LostRuins / koboldcpp

Run GGUF models easily with a KoboldAI UI. One File. Zero Install.
https://github.com/lostruins/koboldcpp
GNU Affero General Public License v3.0
4.97k stars 349 forks source link

Request cancellation via OpenAI API does not seem to work #745

Open KizzyCode opened 6 months ago

KizzyCode commented 6 months ago

If I use koboldcpp's OpenAI API via SillyTavern or LibreChat, and then cancel the request via the stop buttons, more often than not, koboldcpp happily keeps generating new tokens until either the token limit is reached or it comes to a conclusion.

I'm not 100% sure if that's a problem with koboldcpp; but since both frontends seem to work with other backends and fail with koboldcpp, I'd guess it is the outlier here.

Steps to reproduce:

  1. Setup SillyTavern or LibreChat
  2. Connect it to koboldcpp via the OpenAI v1 API
  3. Try to abort a request
LostRuins commented 6 months ago

Are you using streaming?

KizzyCode commented 6 months ago

Positive, I'm using streaming.
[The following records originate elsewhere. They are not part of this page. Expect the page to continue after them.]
lemma nn_integral_mutate_pow_hamming_le:
  fixes a :: real
  assumes "length x = length z" and "1 \<le> a" and "0 \<le> p" and "p \<le> 1"
  shows "(\<integral>\<^sup>+y. ennreal (a ^ hamming y z) \<partial>mutate p x)
         \<le> ennreal (a ^ hamming x z * (1 + (a - 1) * p) ^ length x)"
  using assms(1)
proof (induction x arbitrary: z)
  case Nil
  then show ?case by simp
next
  case (Cons b bs)
  then obtain c cs where z: "z = c # cs" and len: "length bs = length cs"
    by (cases z) auto
  define M where "M = a ^ hamming bs cs * (1 + (a - 1) * p) ^ length bs"
  define g where "g = (\<lambda>flip. a ^ (if (if flip then \<not> b else b) \<noteq> c then 1 else 0) * M)"
  have M: "0 \<le> M" using assms by (simp add: M_def)
  have tail: "(\<integral>\<^sup>+r. ennreal (a ^ hamming ((if flip then \<not> b else b) # r) z) \<partial>mutate p bs)
              \<le> ennreal (g flip)" for flip
  proof -
    define e where "e = a ^ (if (if flip then \<not> b else b) \<noteq> c then 1 else 0)"
    have "(\<integral>\<^sup>+r. ennreal (a ^ hamming ((if flip then \<not> b else b) # r) z) \<partial>mutate p bs)
        = (\<integral>\<^sup>+r. ennreal e * ennreal (a ^ hamming r cs) \<partial>mutate p bs)"
      using assms by (simp add: z e_def power_add ennreal_mult)
    also have "\<dots> = ennreal e * (\<integral>\<^sup>+r. ennreal (a ^ hamming r cs) \<partial>mutate p bs)"
      by (rule nn_integral_cmult) simp
    also have "\<dots> \<le> ennreal e * ennreal M"
      using Cons.IH[OF len] unfolding M_def by (intro mult_left_mono) auto
    also have "\<dots> = ennreal (g flip)"
      using M assms by (simp add: g_def e_def ennreal_mult)
    finally show ?thesis .
  qed
  have "(\<integral>\<^sup>+y. ennreal (a ^ hamming y z) \<partial>mutate p (b # bs))
        \<le> (\<integral>\<^sup>+flip. ennreal (g flip) \<partial>bernoulli_pmf p)"
    by (simp add: tail nn_integral_mono)
  also have "\<dots> = ennreal (g True * p + g False * (1 - p))"
    using assms M by (simp add: g_def ennreal_mult ennreal_plus)
  also have "\<dots> \<le> ennreal (a ^ hamming (b # bs) z * (1 + (a - 1) * p) ^ length (b # bs))"
  proof (rule ennreal_leI)
    have "1 \<le> a * a"
      using mult_mono[of 1 a 1 a] assms by simp
    then have "p \<le> a * a * p"
      using mult_right_mono[of 1 "a * a" p] assms by simp
    then have "p + a * (1 - p) \<le> a * (1 + (a - 1) * p)"
      using assms by (simp add: algebra_simps)
    then show "g True * p + g False * (1 - p) \<le> a ^ hamming (b # bs) z * (1 + (a - 1) * p) ^ length (b # bs)"
      using M by (cases "b = c") (auto simp: g_def z M_def algebra_simps dest: mult_right_mono[OF _ M])
  qed
  finally show ?case .
qed

lemma one_plus_inverse_pow_le_3: "1 \<le> n \<Longrightarrow> (1 + 1 / real n) ^ n \<le> 3"
proof -
  assume n: "1 \<le> n"
  have "(1 + 1 / real n) ^ n \<le> exp (1 / real n) ^ n"
    by (intro power_mono) (auto simp: add.commute exp_ge_add_one_self)
  also have "\<dots> = exp 1"
    using n by (simp add: exp_of_nat_mult[symmetric])
  also have "\<dots> \<le> 3"
    by (rule exp_le)
  finally show ?thesis .
qed

definition lineage_weight :: "bool list \<Rightarrow> bool list \<times> bool \<Rightarrow> real" where
  "lineage_weight xstar v = (if snd v then 2 ^ hamming (fst v) xstar else 0)"

definition lineage_potential :: "bool list \<Rightarrow> (bool list \<times> bool) list \<Rightarrow> real" where
  "lineage_potential xstar pop = (\<Sum>v\<leftarrow>pop. lineage_weight xstar v)"

definition potential :: "bool list \<Rightarrow> real \<Rightarrow> state \<Rightarrow> real" where
  "potential xstar K s = lineage_potential xstar (fst s) + (if snd s then K else 0)"

definition wf_state :: "nat \<Rightarrow> nat \<Rightarrow> state \<Rightarrow> bool" where
  "wf_state n \<mu> s \<longleftrightarrow> length (fst s) = \<mu> \<and> (\<forall>v\<in>set (fst s). length (fst v) = n)"

lemma lineage_weight_nonneg [simp]: "0 \<le> lineage_weight xstar v"
  by (simp add: lineage_weight_def)

lemma lineage_potential_nonneg: "0 \<le> lineage_potential xstar pop"
  unfolding lineage_potential_def by (induction pop) auto

lemma potential_nonneg: "0 \<le> K \<Longrightarrow> 0 \<le> potential xstar K s"
  using lineage_potential_nonneg[of xstar "fst s"] by (simp add: potential_def)

lemma sum_list_update_le:
  fixes xs :: "'a :: ordered_comm_monoid_add list"
  assumes "\<forall>x\<in>set xs. 0 \<le> x" and "0 \<le> a"
  shows "sum_list (xs[k := a]) \<le> sum_list xs + a"
  using assms
proof (induction xs arbitrary: k)
  case Nil
  then show ?case by simp
next
  case (Cons x xs)
  show ?case
  proof (cases k)
    case 0
    then show ?thesis
      using Cons.prems by (simp add: add.commute add_left_mono add_increasing)
  next
    case (Suc k')
    then show ?thesis
      using Cons by (simp add: add.assoc add_left_mono)
  qed
qed

lemma lineage_potential_update_le:
  "lineage_potential xstar (pop[k := v]) \<le> lineage_potential xstar pop + lineage_weight xstar v"
  unfolding lineage_potential_def map_update by (rule sum_list_update_le) auto

lemma nn_integral_mutate_lineage_weight_le:
  assumes "length x = n" and "length xstar = n" and "1 \<le> n"
  shows "(\<integral>\<^sup>+y. ennreal (lineage_weight xstar (y, fl)) \<partial>mutate (1 / real n) x)
         \<le> ennreal (3 * lineage_weight xstar (x, fl))"
proof (cases fl)
  case True
  have "(\<integral>\<^sup>+y. ennreal (2 ^ hamming y xstar) \<partial>mutate (1 / real n) x)
        \<le> ennreal (2 ^ hamming x xstar * (1 + 1 / real n) ^ n)"
    using nn_integral_mutate_pow_hamming_le[of x xstar 2 "1 / real n"] assms by simp
  also have "\<dots> \<le> ennreal (2 ^ hamming x xstar * 3)"
    using one_plus_inverse_pow_le_3[OF assms(3)] by (intro ennreal_leI mult_left_mono) auto
  finally show ?thesis
    using True by (simp add: lineage_weight_def mult.commute)
qed (simp add: lineage_weight_def)

lemma potential_successor_le:
  assumes "8 * K \<le> 2 powr (real n / 2)"
  shows "potential xstar K (if c then pop[k := (y, fl)] else pop,
                           hit \<or> (fl \<and> real n / 2 \<le> real (hamming y xstar)))
         \<le> potential xstar K (pop, hit) + 9/8 * lineage_weight xstar (y, fl)"
proof -
  have "(if hit \<or> (fl \<and> real n / 2 \<le> real (hamming y xstar)) then K else 0)
        \<le> (if hit then K else 0) + 1/8 * lineage_weight xstar (y, fl)"
  proof (cases "\<not> hit \<and> fl \<and> real n / 2 \<le> real (hamming y xstar)")
    case True
    then have "2 powr (real n / 2) \<le> 2 ^ hamming y xstar"
      by (simp add: powr_realpow[symmetric])
    then show ?thesis
      using True assms by (simp add: lineage_weight_def)
  qed auto
  moreover have "lineage_potential xstar (if c then pop[k := (y, fl)] else pop)
                 \<le> lineage_potential xstar pop + lineage_weight xstar (y, fl)"
    using lineage_potential_update_le[of xstar pop k "(y, fl)"] by auto
  ultimately show ?thesis
    by (simp add: potential_def)
qed

lemma nn_integral_mutate_potential_offspring_le:
  assumes "length x = n" and "length xstar = n" and "1 \<le> n" and "0 \<le> P"
  shows "(\<integral>\<^sup>+y. ennreal (P + 9/8 * lineage_weight xstar (y, fl)) \<partial>mutate (1 / real n) x)
         \<le> ennreal (P + 27/8 * lineage_weight xstar (x, fl))"
proof -
  have "(\<integral>\<^sup>+y. ennreal (P + 9/8 * lineage_weight xstar (y, fl)) \<partial>mutate (1 / real n) x)
        = (\<integral>\<^sup>+y. ennreal P + ennreal (9/8) * ennreal (lineage_weight xstar (y, fl)) \<partial>mutate (1 / real n) x)"
    using assms(4) by (intro nn_integral_cong) (simp add: ennreal_plus ennreal_mult[symmetric])
  also have "\<dots> = ennreal P + ennreal (9/8) * (\<integral>\<^sup>+y. ennreal (lineage_weight xstar (y, fl)) \<partial>mutate (1 / real n) x)"
    by (simp add: nn_integral_add nn_integral_cmult measure_pmf.emeasure_space_1)
  also have "\<dots> \<le> ennreal P + ennreal (9/8) * ennreal (3 * lineage_weight xstar (x, fl))"
    using nn_integral_mutate_lineage_weight_le[OF assms(1-3)] by (intro add_left_mono mult_left_mono) auto
  also have "\<dots> = ennreal (P + 27/8 * lineage_weight xstar (x, fl))"
    using assms(4) by (simp add: ennreal_plus ennreal_mult[symmetric])
  finally show ?thesis .
qed

lemma ea_step_potential_le:
  assumes wf: "wf_state n \<mu> s" and "1 \<le> \<mu>" and "1 \<le> n" and "length xstar = n"
    and "0 \<le> K" and K: "8 * K \<le> 2 powr (real n / 2)"
  shows "(\<integral>\<^sup>+s'. ennreal (potential xstar K s') \<partial>ea_step n \<mu> f d \<sigma> \<kappa> xstar s)
         \<le> ennreal ((1 + 27 / (8 * real \<mu>)) * potential xstar K s)"
proof -
  obtain pop hit where s: "s = (pop, hit)"
    by fastforce
  define P where "P = potential xstar K (pop, hit)"
  define w where "w i = lineage_weight xstar (pop ! i)" for i
  have P: "0 \<le> P"
    using potential_nonneg[OF \<open>0 \<le> K\<close>] by (simp add: P_def)
  have parents: "set_pmf (pmf_of_set {0..<\<mu>}) = {0..<\<mu>}"
    using \<open>1 \<le> \<mu>\<close> by simp
  have successor: "(\<integral>\<^sup>+k. ennreal (potential xstar K (if c k then pop[k := (y, fl)] else pop,
                       hit \<or> (fl \<and> real n / 2 \<le> real (hamming y xstar)))) \<partial>measure_pmf W)
                   \<le> ennreal (P + 9/8 * lineage_weight xstar (y, fl))" for c W y fl
  proof -
    have "(\<integral>\<^sup>+k. ennreal (potential xstar K (if c k then pop[k := (y, fl)] else pop,
              hit \<or> (fl \<and> real n / 2 \<le> real (hamming y xstar)))) \<partial>measure_pmf W)
          \<le> (\<integral>\<^sup>+k. ennreal (P + 9/8 * lineage_weight xstar (y, fl)) \<partial>measure_pmf W)"
      unfolding P_def by (intro nn_integral_mono ennreal_leI potential_successor_le[OF K])
    then show ?thesis
      by (simp add: measure_pmf.emeasure_space_1)
  qed
  have offspring: "(\<integral>\<^sup>+y. ennreal (P + 9/8 * lineage_weight xstar (y, snd (pop ! i)))
                      \<partial>mutate (1 / real n) (fst (pop ! i))) \<le> ennreal (P + 27/8 * w i)"
    if "i < \<mu>" for i
    using nn_integral_mutate_potential_offspring_le[OF _ assms(4,3) P,
        where x = "fst (pop ! i)" and fl = "snd (pop ! i)"] wf that
    by (simp add: s w_def wf_state_def)
  have "(\<integral>\<^sup>+s'. ennreal (potential xstar K s') \<partial>ea_step n \<mu> f d \<sigma> \<kappa> xstar s)
        \<le> (\<integral>\<^sup>+i. ennreal (P + 27/8 * w i) \<partial>pmf_of_set {0..<\<mu>})"
    unfolding s ea_step_def Let_def prod.case nn_integral_bind_pmf nn_integral_map_pmf
    using parents
    by (intro nn_integral_mono_AE AE_pmfI order_trans[OF nn_integral_mono[OF successor] offspring]) auto
  also have "\<dots> = (\<Sum>i<\<mu>. ennreal (P + 27/8 * w i)) / of_nat \<mu>"
    using \<open>1 \<le> \<mu>\<close> by (subst nn_integral_pmf_of_set) (auto simp: atLeast0LessThan lessThan_empty_iff)
  also have "\<dots> = ennreal ((\<Sum>i<\<mu>. P + 27/8 * w i) / real \<mu>)"
    using \<open>1 \<le> \<mu>\<close> P
    by (subst sum_ennreal, simp add: w_def, subst ennreal_of_nat_eq_real_of_nat,
        subst divide_ennreal) (auto simp: w_def intro: sum_nonneg)
  also have "(\<Sum>i<\<mu>. P + 27/8 * w i) = real \<mu> * P + 27/8 * lineage_potential xstar pop"
    using wf by (simp add: s w_def wf_state_def lineage_potential_def sum_list_sum_nth
        atLeast0LessThan sum.distrib sum_distrib_left)
  also have "ennreal ((real \<mu> * P + 27/8 * lineage_potential xstar pop) / real \<mu>)
             \<le> ennreal ((1 + 27 / (8 * real \<mu>)) * P)"
    using \<open>1 \<le> \<mu>\<close> \<open>0 \<le> K\<close> by (intro ennreal_leI) (simp add: P_def potential_def field_simps)
  finally show ?thesis
    by (simp add: s P_def)
qed

lemma wf_state_ea_step:
  assumes "wf_state n \<mu> s" and "1 \<le> \<mu>" and "s' \<in> set_pmf (ea_step n \<mu> f d \<sigma> \<kappa> xstar s)"
  shows "wf_state n \<mu> s'"
proof -
  obtain pop hit where s: "s = (pop, hit)"
    by fastforce
  from assms(2,3) obtain i y k c hit' where "i < \<mu>"
    and y: "y \<in> set_pmf (mutate (1 / real n) (fst (pop ! i)))"
    and s': "s' = (if c then pop[k := (y, snd (pop ! i))] else pop, hit')"
    unfolding s ea_step_def Let_def by auto
  have "length y = n"
    using length_mutate[OF y] assms(1) \<open>i < \<mu>\<close> by (auto simp: s wf_state_def)
  then show ?thesis
    using assms(1) s' set_update_subset_insert[of pop k "(y, snd (pop ! i))"]
    by (auto simp: s wf_state_def)
qed

lemma ea_run_0: "ea_run n \<mu> f d \<sigma> \<kappa> xstar 0 s0 = return_pmf s0"
  by (simp add: ea_run_def)

lemma ea_run_Suc:
  "ea_run n \<mu> f d \<sigma> \<kappa> xstar (Suc T) s0
   = bind_pmf (ea_run n \<mu> f d \<sigma> \<kappa> xstar T s0) (ea_step n \<mu> f d \<sigma> \<kappa> xstar)"
  by (simp add: ea_run_def)

lemma wf_state_ea_run:
  assumes "wf_state n \<mu> s0" and "1 \<le> \<mu>" and "s \<in> set_pmf (ea_run n \<mu> f d \<sigma> \<kappa> xstar T s0)"
  shows "wf_state n \<mu> s"
  using assms(3)
proof (induction T arbitrary: s)
  case 0
  then show ?case
    using assms(1) by (simp add: ea_run_0)
next
  case (Suc T)
  then obtain s' where "s' \<in> set_pmf (ea_run n \<mu> f d \<sigma> \<kappa> xstar T s0)"
    and "s \<in> set_pmf (ea_step n \<mu> f d \<sigma> \<kappa> xstar s')"
    unfolding ea_run_Suc set_bind_pmf by blast
  then show ?case
    using Suc.IH wf_state_ea_step[OF _ assms(2)] by blast
qed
Also, in like 1 out of 4 cases it seems to abort correctly, so I'm a bit puzzled... This is my koboldcpp config: miqu-1-70b.q5_K_M.kcpps.zip. I don't know of a good way to export SillyTavern's or LibreChat's config, but both are pretty vanilla.

LostRuins commented 6 months ago

What version of sillytavern and koboldcpp are you using? Did you select the "koboldCpp" option under text-completions endpoints?

KizzyCode commented 6 months ago

Api-type is Text Completion/KoboldCpp: Screenshot 2024-03-14 at 15 15 13

LostRuins commented 6 months ago

Hmm that is odd then. I'm not very sure, but i'll look into it. Did you try see if it mainline koboldcpp works compared to the rocm fork?

KizzyCode commented 6 months ago

Nope, I didn't; but I can try later, just to be sure it's not related to the rocm patches. Will give an update :)

KizzyCode commented 6 months ago

Happens too with the current vanilla release.